→ **Stored items**
☆ ☆ ☆
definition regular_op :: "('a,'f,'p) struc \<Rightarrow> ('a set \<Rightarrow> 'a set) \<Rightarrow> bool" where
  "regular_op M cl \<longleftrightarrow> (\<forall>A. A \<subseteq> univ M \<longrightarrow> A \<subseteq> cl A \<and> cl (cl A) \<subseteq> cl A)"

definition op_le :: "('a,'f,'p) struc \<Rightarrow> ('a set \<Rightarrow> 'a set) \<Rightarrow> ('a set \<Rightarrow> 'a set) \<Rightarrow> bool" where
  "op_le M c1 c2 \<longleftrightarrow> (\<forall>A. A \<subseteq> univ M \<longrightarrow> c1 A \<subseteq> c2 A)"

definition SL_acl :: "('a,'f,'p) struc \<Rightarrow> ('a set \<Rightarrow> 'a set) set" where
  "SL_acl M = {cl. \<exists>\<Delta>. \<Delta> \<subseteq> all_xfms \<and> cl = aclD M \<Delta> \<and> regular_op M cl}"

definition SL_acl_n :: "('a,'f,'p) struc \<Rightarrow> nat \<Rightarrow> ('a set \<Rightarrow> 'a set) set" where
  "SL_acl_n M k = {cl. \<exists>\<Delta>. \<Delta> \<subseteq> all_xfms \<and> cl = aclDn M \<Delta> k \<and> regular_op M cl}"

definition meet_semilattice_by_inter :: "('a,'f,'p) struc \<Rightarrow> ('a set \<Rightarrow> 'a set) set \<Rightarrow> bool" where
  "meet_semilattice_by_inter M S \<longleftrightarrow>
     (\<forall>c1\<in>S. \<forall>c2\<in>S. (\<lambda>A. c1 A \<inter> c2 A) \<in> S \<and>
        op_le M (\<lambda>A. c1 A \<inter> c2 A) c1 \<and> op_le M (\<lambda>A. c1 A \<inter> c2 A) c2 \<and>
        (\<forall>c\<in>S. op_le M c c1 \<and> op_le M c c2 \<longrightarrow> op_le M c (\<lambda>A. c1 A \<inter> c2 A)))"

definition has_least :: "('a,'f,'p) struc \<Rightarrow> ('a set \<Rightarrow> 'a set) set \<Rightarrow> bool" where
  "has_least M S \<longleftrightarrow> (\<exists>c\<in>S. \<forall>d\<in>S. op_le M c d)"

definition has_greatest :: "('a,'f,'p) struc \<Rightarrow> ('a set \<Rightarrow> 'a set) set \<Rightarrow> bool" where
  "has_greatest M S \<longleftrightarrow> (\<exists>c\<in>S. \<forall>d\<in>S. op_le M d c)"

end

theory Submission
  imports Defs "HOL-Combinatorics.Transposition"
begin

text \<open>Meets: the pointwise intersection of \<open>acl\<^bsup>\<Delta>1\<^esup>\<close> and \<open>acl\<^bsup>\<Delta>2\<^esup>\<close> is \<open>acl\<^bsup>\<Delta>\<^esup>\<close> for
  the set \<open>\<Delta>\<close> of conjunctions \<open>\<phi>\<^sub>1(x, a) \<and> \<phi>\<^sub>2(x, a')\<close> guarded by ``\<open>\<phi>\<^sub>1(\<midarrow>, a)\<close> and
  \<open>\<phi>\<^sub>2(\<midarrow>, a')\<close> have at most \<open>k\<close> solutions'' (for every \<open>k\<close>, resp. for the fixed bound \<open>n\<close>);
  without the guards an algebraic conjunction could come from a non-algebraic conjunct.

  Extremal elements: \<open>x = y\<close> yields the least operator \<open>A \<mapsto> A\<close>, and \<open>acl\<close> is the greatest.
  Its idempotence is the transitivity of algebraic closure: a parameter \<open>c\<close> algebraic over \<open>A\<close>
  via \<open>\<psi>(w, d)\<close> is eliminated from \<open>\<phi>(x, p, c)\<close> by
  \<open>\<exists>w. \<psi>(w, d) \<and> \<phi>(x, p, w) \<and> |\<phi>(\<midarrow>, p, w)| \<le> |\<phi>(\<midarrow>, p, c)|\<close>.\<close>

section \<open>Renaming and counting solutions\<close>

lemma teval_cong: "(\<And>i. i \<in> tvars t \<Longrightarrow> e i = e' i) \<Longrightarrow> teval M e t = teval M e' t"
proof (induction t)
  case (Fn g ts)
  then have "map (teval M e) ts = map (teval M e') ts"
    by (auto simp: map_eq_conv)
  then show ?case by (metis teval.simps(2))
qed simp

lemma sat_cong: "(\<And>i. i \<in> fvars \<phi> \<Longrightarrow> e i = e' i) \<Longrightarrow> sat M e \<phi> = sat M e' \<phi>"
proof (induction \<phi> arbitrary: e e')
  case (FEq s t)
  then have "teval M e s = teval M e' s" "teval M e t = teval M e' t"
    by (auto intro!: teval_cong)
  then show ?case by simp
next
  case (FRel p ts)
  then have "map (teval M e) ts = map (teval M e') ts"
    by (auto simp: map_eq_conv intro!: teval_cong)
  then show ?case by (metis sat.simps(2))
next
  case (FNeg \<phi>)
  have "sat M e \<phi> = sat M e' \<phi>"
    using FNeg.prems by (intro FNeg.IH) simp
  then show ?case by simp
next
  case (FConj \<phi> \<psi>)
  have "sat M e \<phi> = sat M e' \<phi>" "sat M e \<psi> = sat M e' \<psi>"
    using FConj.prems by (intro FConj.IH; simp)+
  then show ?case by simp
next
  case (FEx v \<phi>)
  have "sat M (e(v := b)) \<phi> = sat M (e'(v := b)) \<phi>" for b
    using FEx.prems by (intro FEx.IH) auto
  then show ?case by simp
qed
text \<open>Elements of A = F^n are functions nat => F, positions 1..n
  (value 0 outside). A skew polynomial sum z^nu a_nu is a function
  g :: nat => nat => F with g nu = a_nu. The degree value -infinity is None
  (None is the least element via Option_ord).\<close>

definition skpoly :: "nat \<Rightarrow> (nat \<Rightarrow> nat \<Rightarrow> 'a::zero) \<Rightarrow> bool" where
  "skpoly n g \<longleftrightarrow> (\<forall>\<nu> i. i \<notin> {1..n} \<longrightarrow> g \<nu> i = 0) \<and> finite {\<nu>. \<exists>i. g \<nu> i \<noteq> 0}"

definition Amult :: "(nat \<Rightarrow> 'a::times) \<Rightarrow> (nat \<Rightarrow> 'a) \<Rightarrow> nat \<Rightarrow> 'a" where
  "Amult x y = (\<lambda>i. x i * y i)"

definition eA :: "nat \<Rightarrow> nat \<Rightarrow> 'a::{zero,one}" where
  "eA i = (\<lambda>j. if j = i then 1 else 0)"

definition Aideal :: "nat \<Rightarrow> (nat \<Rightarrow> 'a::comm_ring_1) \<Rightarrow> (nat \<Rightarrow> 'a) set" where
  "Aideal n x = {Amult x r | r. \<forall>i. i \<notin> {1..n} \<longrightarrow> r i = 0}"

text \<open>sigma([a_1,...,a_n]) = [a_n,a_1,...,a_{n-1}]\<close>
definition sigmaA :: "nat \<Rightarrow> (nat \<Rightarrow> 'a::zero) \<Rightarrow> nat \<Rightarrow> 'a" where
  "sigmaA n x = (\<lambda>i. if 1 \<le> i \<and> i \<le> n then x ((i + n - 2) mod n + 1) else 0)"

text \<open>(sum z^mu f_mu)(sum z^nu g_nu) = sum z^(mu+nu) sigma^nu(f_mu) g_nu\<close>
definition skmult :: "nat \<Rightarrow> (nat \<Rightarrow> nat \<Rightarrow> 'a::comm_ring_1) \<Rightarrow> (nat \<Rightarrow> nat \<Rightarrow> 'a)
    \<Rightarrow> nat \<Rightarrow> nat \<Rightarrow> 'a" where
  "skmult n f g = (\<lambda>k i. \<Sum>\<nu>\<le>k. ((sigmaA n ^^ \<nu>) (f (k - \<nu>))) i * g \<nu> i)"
☆ ☆ ☆
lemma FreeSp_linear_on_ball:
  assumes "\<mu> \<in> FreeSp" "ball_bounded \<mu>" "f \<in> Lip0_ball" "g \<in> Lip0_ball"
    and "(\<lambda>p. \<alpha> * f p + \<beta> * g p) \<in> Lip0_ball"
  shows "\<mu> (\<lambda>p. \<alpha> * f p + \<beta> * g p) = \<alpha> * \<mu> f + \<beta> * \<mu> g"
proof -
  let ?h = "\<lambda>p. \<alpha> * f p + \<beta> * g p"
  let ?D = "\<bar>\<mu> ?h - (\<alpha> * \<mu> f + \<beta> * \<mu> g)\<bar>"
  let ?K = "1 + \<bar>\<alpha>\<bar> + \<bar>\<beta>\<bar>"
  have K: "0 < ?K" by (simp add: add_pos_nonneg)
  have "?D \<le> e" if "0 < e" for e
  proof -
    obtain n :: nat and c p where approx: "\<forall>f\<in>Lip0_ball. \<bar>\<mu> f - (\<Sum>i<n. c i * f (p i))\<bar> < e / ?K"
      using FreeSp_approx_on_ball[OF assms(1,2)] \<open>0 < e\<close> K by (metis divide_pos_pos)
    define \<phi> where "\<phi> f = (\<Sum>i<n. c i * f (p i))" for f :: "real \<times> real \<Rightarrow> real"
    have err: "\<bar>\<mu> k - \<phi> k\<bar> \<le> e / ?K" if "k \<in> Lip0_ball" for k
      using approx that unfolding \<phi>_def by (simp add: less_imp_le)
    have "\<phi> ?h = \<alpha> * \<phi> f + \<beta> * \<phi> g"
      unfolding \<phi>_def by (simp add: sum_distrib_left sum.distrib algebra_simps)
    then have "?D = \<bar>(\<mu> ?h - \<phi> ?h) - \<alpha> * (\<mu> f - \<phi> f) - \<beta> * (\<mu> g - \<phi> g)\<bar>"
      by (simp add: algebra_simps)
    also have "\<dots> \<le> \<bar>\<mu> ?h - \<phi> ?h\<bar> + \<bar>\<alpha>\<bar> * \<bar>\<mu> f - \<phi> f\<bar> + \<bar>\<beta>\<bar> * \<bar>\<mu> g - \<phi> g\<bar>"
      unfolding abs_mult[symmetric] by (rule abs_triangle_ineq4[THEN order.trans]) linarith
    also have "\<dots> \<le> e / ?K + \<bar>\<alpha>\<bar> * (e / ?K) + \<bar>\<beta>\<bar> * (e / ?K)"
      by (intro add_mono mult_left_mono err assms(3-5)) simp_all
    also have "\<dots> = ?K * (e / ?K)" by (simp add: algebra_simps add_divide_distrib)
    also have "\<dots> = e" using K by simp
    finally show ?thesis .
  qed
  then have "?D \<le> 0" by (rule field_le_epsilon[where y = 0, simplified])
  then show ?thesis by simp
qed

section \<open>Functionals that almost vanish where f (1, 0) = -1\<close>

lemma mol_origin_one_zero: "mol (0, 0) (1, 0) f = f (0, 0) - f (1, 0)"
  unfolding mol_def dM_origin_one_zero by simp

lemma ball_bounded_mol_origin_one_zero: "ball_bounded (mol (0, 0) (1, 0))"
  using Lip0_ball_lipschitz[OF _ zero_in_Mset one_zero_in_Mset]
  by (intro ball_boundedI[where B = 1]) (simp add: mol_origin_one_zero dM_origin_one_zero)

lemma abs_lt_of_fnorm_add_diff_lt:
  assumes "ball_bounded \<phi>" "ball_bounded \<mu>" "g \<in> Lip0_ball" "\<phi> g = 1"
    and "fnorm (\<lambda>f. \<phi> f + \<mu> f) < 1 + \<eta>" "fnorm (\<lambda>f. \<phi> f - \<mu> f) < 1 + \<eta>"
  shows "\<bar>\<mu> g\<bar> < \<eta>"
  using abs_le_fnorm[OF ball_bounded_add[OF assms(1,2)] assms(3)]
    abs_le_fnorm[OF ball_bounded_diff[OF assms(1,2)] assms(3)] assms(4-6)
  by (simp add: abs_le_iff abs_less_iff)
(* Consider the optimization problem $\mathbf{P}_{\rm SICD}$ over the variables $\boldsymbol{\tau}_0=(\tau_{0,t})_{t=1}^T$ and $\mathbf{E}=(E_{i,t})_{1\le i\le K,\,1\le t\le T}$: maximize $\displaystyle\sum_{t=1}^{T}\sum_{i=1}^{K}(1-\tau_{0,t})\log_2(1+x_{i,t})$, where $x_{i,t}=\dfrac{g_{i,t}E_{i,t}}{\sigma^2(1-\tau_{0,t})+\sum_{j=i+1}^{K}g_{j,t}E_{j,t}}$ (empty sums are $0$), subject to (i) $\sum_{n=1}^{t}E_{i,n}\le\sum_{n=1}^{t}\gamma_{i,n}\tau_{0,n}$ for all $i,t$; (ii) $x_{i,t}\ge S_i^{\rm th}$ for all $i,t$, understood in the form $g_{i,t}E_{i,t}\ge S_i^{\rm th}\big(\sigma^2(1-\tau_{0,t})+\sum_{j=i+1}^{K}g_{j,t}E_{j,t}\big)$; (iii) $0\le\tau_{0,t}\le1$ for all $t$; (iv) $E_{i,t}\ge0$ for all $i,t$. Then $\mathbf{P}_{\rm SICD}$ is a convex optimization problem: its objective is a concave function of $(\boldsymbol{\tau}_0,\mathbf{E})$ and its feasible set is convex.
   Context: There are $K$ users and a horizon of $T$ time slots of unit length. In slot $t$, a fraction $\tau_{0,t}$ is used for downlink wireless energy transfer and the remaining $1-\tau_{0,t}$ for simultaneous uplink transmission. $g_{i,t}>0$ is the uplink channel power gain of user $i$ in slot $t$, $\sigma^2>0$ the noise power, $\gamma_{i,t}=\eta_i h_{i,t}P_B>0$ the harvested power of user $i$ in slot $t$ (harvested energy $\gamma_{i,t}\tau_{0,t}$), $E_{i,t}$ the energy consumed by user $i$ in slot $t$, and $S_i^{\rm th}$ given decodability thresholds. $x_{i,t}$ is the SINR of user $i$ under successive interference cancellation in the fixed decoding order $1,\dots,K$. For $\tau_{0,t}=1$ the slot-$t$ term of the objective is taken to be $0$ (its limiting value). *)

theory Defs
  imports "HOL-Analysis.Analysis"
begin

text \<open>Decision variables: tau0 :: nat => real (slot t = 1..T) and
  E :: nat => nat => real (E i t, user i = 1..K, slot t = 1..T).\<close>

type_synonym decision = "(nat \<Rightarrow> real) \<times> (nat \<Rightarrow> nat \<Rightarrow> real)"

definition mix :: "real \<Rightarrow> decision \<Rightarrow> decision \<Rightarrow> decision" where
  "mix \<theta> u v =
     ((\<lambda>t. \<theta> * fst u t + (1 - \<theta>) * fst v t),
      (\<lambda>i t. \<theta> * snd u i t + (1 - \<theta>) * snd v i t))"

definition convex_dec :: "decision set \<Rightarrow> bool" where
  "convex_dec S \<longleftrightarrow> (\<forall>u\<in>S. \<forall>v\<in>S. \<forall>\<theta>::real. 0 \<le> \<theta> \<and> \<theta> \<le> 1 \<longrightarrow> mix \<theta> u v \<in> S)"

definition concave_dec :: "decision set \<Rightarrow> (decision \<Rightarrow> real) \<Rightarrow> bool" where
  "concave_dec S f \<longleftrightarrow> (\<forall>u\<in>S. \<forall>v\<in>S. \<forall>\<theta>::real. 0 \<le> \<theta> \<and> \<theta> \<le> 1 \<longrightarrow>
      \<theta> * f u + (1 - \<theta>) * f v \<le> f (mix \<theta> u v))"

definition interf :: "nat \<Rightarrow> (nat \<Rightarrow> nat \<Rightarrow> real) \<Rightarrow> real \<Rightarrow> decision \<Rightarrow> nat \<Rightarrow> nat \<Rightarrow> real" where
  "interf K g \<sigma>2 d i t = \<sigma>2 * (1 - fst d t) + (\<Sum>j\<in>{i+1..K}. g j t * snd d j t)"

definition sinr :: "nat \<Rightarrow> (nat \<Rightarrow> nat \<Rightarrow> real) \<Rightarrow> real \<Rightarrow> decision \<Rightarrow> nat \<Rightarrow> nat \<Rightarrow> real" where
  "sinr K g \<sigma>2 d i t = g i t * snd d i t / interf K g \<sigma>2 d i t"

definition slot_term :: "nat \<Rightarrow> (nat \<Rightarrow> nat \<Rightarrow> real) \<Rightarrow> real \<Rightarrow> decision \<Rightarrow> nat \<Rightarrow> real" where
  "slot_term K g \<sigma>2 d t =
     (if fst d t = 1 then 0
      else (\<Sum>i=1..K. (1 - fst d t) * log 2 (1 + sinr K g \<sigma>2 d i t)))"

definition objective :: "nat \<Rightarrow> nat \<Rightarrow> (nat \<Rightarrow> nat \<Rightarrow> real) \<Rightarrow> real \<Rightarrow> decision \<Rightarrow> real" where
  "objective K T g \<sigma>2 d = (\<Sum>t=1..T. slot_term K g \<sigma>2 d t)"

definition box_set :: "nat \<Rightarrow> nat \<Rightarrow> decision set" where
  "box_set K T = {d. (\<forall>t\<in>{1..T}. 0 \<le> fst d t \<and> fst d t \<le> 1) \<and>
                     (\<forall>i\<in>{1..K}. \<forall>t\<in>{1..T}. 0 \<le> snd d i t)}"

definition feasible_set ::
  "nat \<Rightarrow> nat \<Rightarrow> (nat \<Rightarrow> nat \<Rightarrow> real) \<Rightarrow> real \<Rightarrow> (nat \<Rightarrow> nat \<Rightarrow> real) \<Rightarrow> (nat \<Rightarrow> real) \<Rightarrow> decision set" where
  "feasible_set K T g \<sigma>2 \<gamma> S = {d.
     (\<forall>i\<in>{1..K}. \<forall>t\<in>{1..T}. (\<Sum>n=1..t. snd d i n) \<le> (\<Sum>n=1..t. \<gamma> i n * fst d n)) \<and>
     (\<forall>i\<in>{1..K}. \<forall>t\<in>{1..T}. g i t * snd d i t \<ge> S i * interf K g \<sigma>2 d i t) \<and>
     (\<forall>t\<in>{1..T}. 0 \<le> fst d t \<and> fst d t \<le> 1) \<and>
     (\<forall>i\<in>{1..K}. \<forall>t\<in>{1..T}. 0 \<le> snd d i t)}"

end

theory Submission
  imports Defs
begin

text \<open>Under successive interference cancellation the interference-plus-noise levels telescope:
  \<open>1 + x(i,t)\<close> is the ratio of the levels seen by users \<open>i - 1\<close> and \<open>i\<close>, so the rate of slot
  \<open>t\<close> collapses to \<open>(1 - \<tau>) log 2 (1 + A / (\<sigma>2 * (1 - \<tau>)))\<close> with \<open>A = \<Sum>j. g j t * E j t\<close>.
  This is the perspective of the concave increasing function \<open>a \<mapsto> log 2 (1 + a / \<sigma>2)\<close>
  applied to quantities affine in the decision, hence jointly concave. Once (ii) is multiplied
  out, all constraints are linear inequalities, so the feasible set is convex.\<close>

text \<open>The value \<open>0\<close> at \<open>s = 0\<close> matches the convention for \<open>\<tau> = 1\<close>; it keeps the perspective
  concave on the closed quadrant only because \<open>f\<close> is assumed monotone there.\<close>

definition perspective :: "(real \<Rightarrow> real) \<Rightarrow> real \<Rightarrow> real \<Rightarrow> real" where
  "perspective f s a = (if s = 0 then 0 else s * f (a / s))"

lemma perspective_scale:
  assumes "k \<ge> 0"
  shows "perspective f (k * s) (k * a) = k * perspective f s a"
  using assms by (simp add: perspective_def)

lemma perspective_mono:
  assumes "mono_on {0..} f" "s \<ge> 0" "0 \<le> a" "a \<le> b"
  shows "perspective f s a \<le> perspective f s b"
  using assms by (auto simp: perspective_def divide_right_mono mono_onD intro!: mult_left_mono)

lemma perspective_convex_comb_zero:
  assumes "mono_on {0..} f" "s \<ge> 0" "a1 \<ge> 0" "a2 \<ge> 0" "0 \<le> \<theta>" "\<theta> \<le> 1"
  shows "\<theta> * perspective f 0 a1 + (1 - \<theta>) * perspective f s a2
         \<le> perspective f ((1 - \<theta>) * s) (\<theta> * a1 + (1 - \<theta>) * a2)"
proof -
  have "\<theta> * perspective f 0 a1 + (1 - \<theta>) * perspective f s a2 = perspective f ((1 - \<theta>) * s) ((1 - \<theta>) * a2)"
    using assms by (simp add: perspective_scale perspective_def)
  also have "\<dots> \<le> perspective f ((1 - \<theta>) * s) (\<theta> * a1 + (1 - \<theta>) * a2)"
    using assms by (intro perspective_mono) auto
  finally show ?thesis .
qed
☆ ☆ ☆
→ **THE TASK**
Beginning at the line with "case (Fn g ts)" and stopping after the line with "case (FConj \<phi> \<psi>)", please write out every line of the data above exactly and nothing else.

→ **OUTPUT BELOW**
  case (Fn g ts)
  then have "map (teval M e) ts = map (teval M e') ts"
    by (auto simp: map_eq_conv)
  then show ?case by (metis teval.simps(2))
qed simp

lemma sat_cong: "(\<And>i. i \<in> fvars \<phi> \<Longrightarrow> e i = e' i) \<Longrightarrow> sat M e \<phi> = sat M e' \<phi>"
proof (induction \<phi> arbitrary: e e')
  case (FEq s t)
  then have "teval M e s = teval M e' s" "teval M e t = teval M e' t"
    by (auto intro!: teval_cong)
  then show ?case by simp
next
  case (FRel p ts)
  then have "map (teval M e) ts = map (teval M e') ts"
    by (auto simp: map_eq_conv intro!: teval_cong)
  then show ?case by (metis sat.simps(2))
next
  case (FNeg \<phi>)
  have "sat M e \<phi> = sat M e' \<phi>"
    using FNeg.prems by (intro FNeg.IH) simp
  then show ?case by simp
next
  case (FConj \<phi> \<psi>)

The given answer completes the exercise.